:: WHAT IS NEEDED ::
Quote exactly and only this range of lines in the data below: the line that holds "proof (induction m)" to the line that holds "with integral_smooth_exp_X_le[OF r \<mu>]", both included.

:: Saved data entries ::
lemma integral_smooth_exp_progression_le:
  assumes r: "r \<ge> 1" and \<mu>: "\<mu> > 0" "\<mu> * c \<le> 1/2"
  shows "(\<integral>\<omega>. smooth_exp \<mu> (\<Sum>j\<le>m. X (r + j * k) \<omega>) \<partial>M)
           \<le> exp 1 * (1 + (\<mu> * \<tau>0 + 3 * \<mu>^2 * (\<sigma>^2 + 2 * c * \<tau>0))) ^ Suc m"
proof (induction m)
  case 0
  have "0 \<le> \<mu> * \<tau>0 + 3 * \<mu>^2 * (2 * c * \<tau>0)" using \<mu>(1) c_pos tau0_nonneg by simp
  then have "1 + 3 * \<mu>^2 * \<sigma>^2 \<le> 1 + (\<mu> * \<tau>0 + 3 * \<mu>^2 * (\<sigma>^2 + 2 * c * \<tau>0))"
    by (simp add: algebra_simps)
  then have "exp 1 * (1 + 3 * \<mu>^2 * \<sigma>^2) \<le> exp 1 * (1 + (\<mu> * \<tau>0 + 3 * \<mu>^2 * (\<sigma>^2 + 2 * c * \<tau>0)))"
    by simp
  with integral_smooth_exp_X_le[OF r \<mu>]
  have "(\<integral>\<omega>. smooth_exp \<mu> (X r \<omega>) \<partial>M) \<le> exp 1 * (1 + (\<mu> * \<tau>0 + 3 * \<mu>^2 * (\<sigma>^2 + 2 * c * \<tau>0)))"
    by (rule order_trans)
  then show ?case by simp
next
  case (Suc m)
  let ?q = "\<mu> * \<tau>0 + 3 * \<mu>^2 * (\<sigma>^2 + 2 * c * \<tau>0)"
  let ?T = "\<lambda>\<omega>. \<Sum>j\<le>m. X (r + j * k) \<omega>"
  have T_meas: "?T \<in> borel_measurable (hist M X (r + m * k))"
    using r by (intro borel_measurable_sum X_measurable_hist) (auto simp: mult_right_mono)
  have norm_T: "norm (?T \<omega>) \<le> real (card {..m}) * c" if "\<omega> \<in> space M" for \<omega>
    using r that by (intro norm_sum_X_le) auto
  have "(\<Sum>j\<le>Suc m. X (r + j * k) \<omega>) = ?T \<omega> + X (r + m * k + k) \<omega>" for \<omega>
    by (simp add: algebra_simps)
  then have "(\<integral>\<omega>. smooth_exp \<mu> (\<Sum>j\<le>Suc m. X (r + j * k) \<omega>) \<partial>M)
               \<le> (\<integral>\<omega>. smooth_exp \<mu> (?T \<omega>) \<partial>M) * (1 + ?q)"
    using integral_smooth_exp_add_le[OF _ T_meas norm_T \<mu>] r by (simp add: add.assoc)
  also have "\<dots> \<le> exp 1 * (1 + ?q) ^ Suc m * (1 + ?q)"
    using Suc.IH \<mu>(1) c_pos tau0_nonneg by (intro mult_right_mono) auto
  finally show ?case by (simp add: algebra_simps)
qed

lemma integral_exp_norm_progression_le:
  assumes r: "r \<ge> 1" and \<mu>: "\<mu> > 0" "\<mu> * c \<le> 1/2"
  shows "(\<integral>\<omega>. exp (\<mu> * norm (\<Sum>j\<le>m. X (r + j * k) \<omega>)) \<partial>M)
           \<le> exp (1 + real (Suc m) * (\<mu> * \<tau>0 + 3 * \<mu>^2 * (\<sigma>^2 + 2 * c * \<tau>0)))"
proof -
  let ?q = "\<mu> * \<tau>0 + 3 * \<mu>^2 * (\<sigma>^2 + 2 * c * \<tau>0)"
  let ?T = "\<lambda>\<omega>. \<Sum>j\<le>m. X (r + j * k) \<omega>"
  have T_meas: "?T \<in> borel_measurable M" using r by (intro borel_measurable_sum X_measurable) auto
  have norm_T: "norm (?T \<omega>) \<le> real (card {..m}) * c" if "\<omega> \<in> space M" for \<omega>
    using r that by (intro norm_sum_X_le) auto
  have "(\<integral>\<omega>. exp (\<mu> * norm (?T \<omega>)) \<partial>M) \<le> (\<integral>\<omega>. smooth_exp \<mu> (?T \<omega>) \<partial>M)"
    using integrable_exp_norm[OF T_meas _ norm_T] integrable_smooth_exp[OF T_meas \<mu>(1) norm_T]
      exp_norm_le_smooth_exp[OF \<mu>(1)] \<mu>(1)
    by (intro integral_mono) auto
  also have "\<dots> \<le> exp 1 * (1 + ?q) ^ Suc m" by (rule integral_smooth_exp_progression_le[OF r \<mu>])
  also have "\<dots> \<le> exp 1 * exp ?q ^ Suc m"
    using \<mu>(1) c_pos tau0_nonneg by (intro mult_left_mono power_mono) (auto simp: add.commute)
  also have "\<dots> = exp (1 + real (Suc m) * ?q)" by (simp only: exp_add exp_of_nat_mult)
  finally show ?thesis .
qed

lemma integral_exp_norm_block_le:
  assumes r: "r \<ge> 1" and l: "l \<ge> 1" "l \<le> Suc m" and \<theta>: "\<theta> > 0" "2 * \<theta> * c \<le> l"
  shows "(\<integral>\<omega>. exp (\<theta> / Suc m * norm (\<Sum>j\<le>m. X (r + j * k) \<omega>)) \<partial>M)
           \<le> exp (1 + 4 * \<theta> * \<tau>0 + 3 * \<theta>^2 * \<sigma>^2 / l)"
proof -
  define N where "N = real (Suc m)"
  define \<mu> where "\<mu> = \<theta> / N"
  have N: "N > 0" "real l \<le> N" unfolding N_def using l by auto
  have \<mu>: "\<mu> > 0" unfolding \<mu>_def using \<theta> N by simp
  have \<mu>c: "\<mu> * c \<le> 1/2"
    unfolding \<mu>_def using \<theta>(2) N by (simp add: field_simps)
  have "N * (\<mu> * \<tau>0 + 3 * \<mu>^2 * (\<sigma>^2 + 2 * c * \<tau>0))
          = \<theta> * \<tau>0 + 3 * \<theta>^2 * \<sigma>^2 / N + 6 * \<theta> * (\<mu> * c) * \<tau>0"
    unfolding \<mu>_def using N by (simp add: field_simps power2_eq_square)
  also have "\<dots> \<le> \<theta> * \<tau>0 + 3 * \<theta>^2 * \<sigma>^2 / l + 6 * \<theta> * (1/2) * \<tau>0"
    using N l \<theta> \<mu>c tau0_nonneg
    by (intro add_mono mult_right_mono mult_left_mono divide_left_mono) auto
  finally have "1 + N * (\<mu> * \<tau>0 + 3 * \<mu>^2 * (\<sigma>^2 + 2 * c * \<tau>0))
                  \<le> 1 + 4 * \<theta> * \<tau>0 + 3 * \<theta>^2 * \<sigma>^2 / l" by (simp add: algebra_simps)
  then have "exp (1 + N * (\<mu> * \<tau>0 + 3 * \<mu>^2 * (\<sigma>^2 + 2 * c * \<tau>0)))
               \<le> exp (1 + 4 * \<theta> * \<tau>0 + 3 * \<theta>^2 * \<sigma>^2 / l)" by simp
  with integral_exp_norm_progression_le[OF r \<mu> \<mu>c, of m]
  have "(\<integral>\<omega>. exp (\<mu> * norm (\<Sum>j\<le>m. X (r + j * k) \<omega>)) \<partial>M)
          \<le> exp (1 + 4 * \<theta> * \<tau>0 + 3 * \<theta>^2 * \<sigma>^2 / l)"
    unfolding N_def by linarith
  then show ?thesis unfolding \<mu>_def N_def .
qed

lemma integral_exp_norm_mean_le:
  assumes n: "n \<ge> 1" and l: "l \<ge> 1" "l \<le> n" and k: "k = n div l"
    and \<theta>: "\<theta> > 0" "2 * \<theta> * c \<le> l"
  shows "(\<integral>\<omega>. exp (\<theta> * norm ((1 / real n) *\<^sub>R (\<Sum>i=1..n. X i \<omega>))) \<partial>M)
           \<le> exp (1 + 4 * \<theta> * \<tau>0 + 3 * \<theta>^2 * \<sigma>^2 / l)"
proof -
  define K where "K = exp (1 + 4 * \<theta> * \<tau>0 + 3 * \<theta>^2 * \<sigma>^2 / l)"
  define N where "N r = Suc ((n - r) div k)" for r
  define T where "T r \<omega> = (\<Sum>j\<le>(n - r) div k. X (r + j * k) \<omega>)" for r \<omega>
  have k1: "k \<ge> 1" unfolding k using l div_le_mono[OF l(2), of l] by simp
  have kn: "k \<le> n" unfolding k by simp
  have l_le_N: "l \<le> N r" if "r \<in> {1..k}" for r
  proof -
    have "k * l \<le> n" unfolding k by simp
    moreover have "(l - 1) * k = k * l - k" by (simp add: algebra_simps)
    ultimately have "(l - 1) * k \<le> n - r" using that by auto
    then have "l - 1 \<le> (n - r) div k" using k1 by (simp add: less_eq_div_iff_mult_less_eq)
    then show ?thesis unfolding N_def by simp
  qed
  have sum_N: "(\<Sum>r\<in>{1..k}. real (N r)) = real n"
    using sum_atLeastAtMost_residue_classes[OF k1 kn, of "\<lambda>_. 1::real"] unfolding N_def by simp
  have sum_T: "(\<Sum>i=1..n. X i \<omega>) = (\<Sum>r\<in>{1..k}. T r \<omega>)" for \<omega>
    unfolding T_def by (rule sum_atLeastAtMost_residue_classes[OF k1 kn])
  have T_meas: "T r \<in> borel_measurable M" if "r \<in> {1..k}" for r
    unfolding T_def using that by (intro borel_measurable_sum X_measurable) auto
  have int_T: "integrable M (\<lambda>\<omega>. exp (\<theta> / N r * norm (T r \<omega>)))" if r: "r \<in> {1..k}" for r
    using r \<theta>(1) unfolding T_def
    by (intro integrable_exp_norm[OF T_meas[OF r, unfolded T_def],
          where R="real (card {..(n - r) div k}) * c"] norm_sum_X_le) auto
  have "(\<integral>\<omega>. exp (\<theta> * norm ((1 / real n) *\<^sub>R (\<Sum>i=1..n. X i \<omega>))) \<partial>M)
          \<le> (\<integral>\<omega>. (\<Sum>r\<in>{1..k}. N r / real n * exp (\<theta> / N r * norm (T r \<omega>))) \<partial>M)"
  proof (rule integral_mono)
    show "integrable M (\<lambda>\<omega>. exp (\<theta> * norm ((1 / real n) *\<^sub>R (\<Sum>i=1..n. X i \<omega>))))"
      using norm_mean_X_le[OF n] \<theta>(1)
      by (intro integrable_exp_norm)
        (auto intro!: borel_measurable_scaleR borel_measurable_sum X_measurable)
    show "exp (\<theta> * norm ((1 / real n) *\<^sub>R (\<Sum>i=1..n. X i \<omega>)))
            \<le> (\<Sum>r\<in>{1..k}. N r / real n * exp (\<theta> / N r * norm (T r \<omega>)))" for \<omega>
      unfolding sum_T using k1 sum_N \<theta>(1)
      by (intro exp_norm_scaled_sum_le) (auto simp: N_def)
  qed (use int_T in auto)
  also have "\<dots> = (\<Sum>r\<in>{1..k}. N r / real n * (\<integral>\<omega>. exp (\<theta> / N r * norm (T r \<omega>)) \<partial>M))"
    using int_T by (subst Bochner_Integration.integral_sum) auto
  also have "\<dots> \<le> (\<Sum>r\<in>{1..k}. N r / real n * K)"
    unfolding K_def T_def N_def using l_le_N \<theta> l(1)
    by (intro sum_mono mult_left_mono integral_exp_norm_block_le) (auto simp: N_def)
  also have "\<dots> = K" using sum_N n by (simp add: sum_distrib_right[symmetric] sum_divide_distrib[symmetric])
  finally show ?thesis unfolding K_def .
qed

:: OUTPUT ::
proof (induction m)
  case 0
  have "0 \<le> \<mu> * \<tau>0 + 3 * \<mu>^2 * (2 * c * \<tau>0)" using \<mu>(1) c_pos tau0_nonneg by simp
  then have "1 + 3 * \<mu>^2 * \<sigma>^2 \<le> 1 + (\<mu> * \<tau>0 + 3 * \<mu>^2 * (\<sigma>^2 + 2 * c * \<tau>0))"
    by (simp add: algebra_simps)
  then have "exp 1 * (1 + 3 * \<mu>^2 * \<sigma>^2) \<le> exp 1 * (1 + (\<mu> * \<tau>0 + 3 * \<mu>^2 * (\<sigma>^2 + 2 * c * \<tau>0)))"
    by simp
  with integral_smooth_exp_X_le[OF r \<mu>]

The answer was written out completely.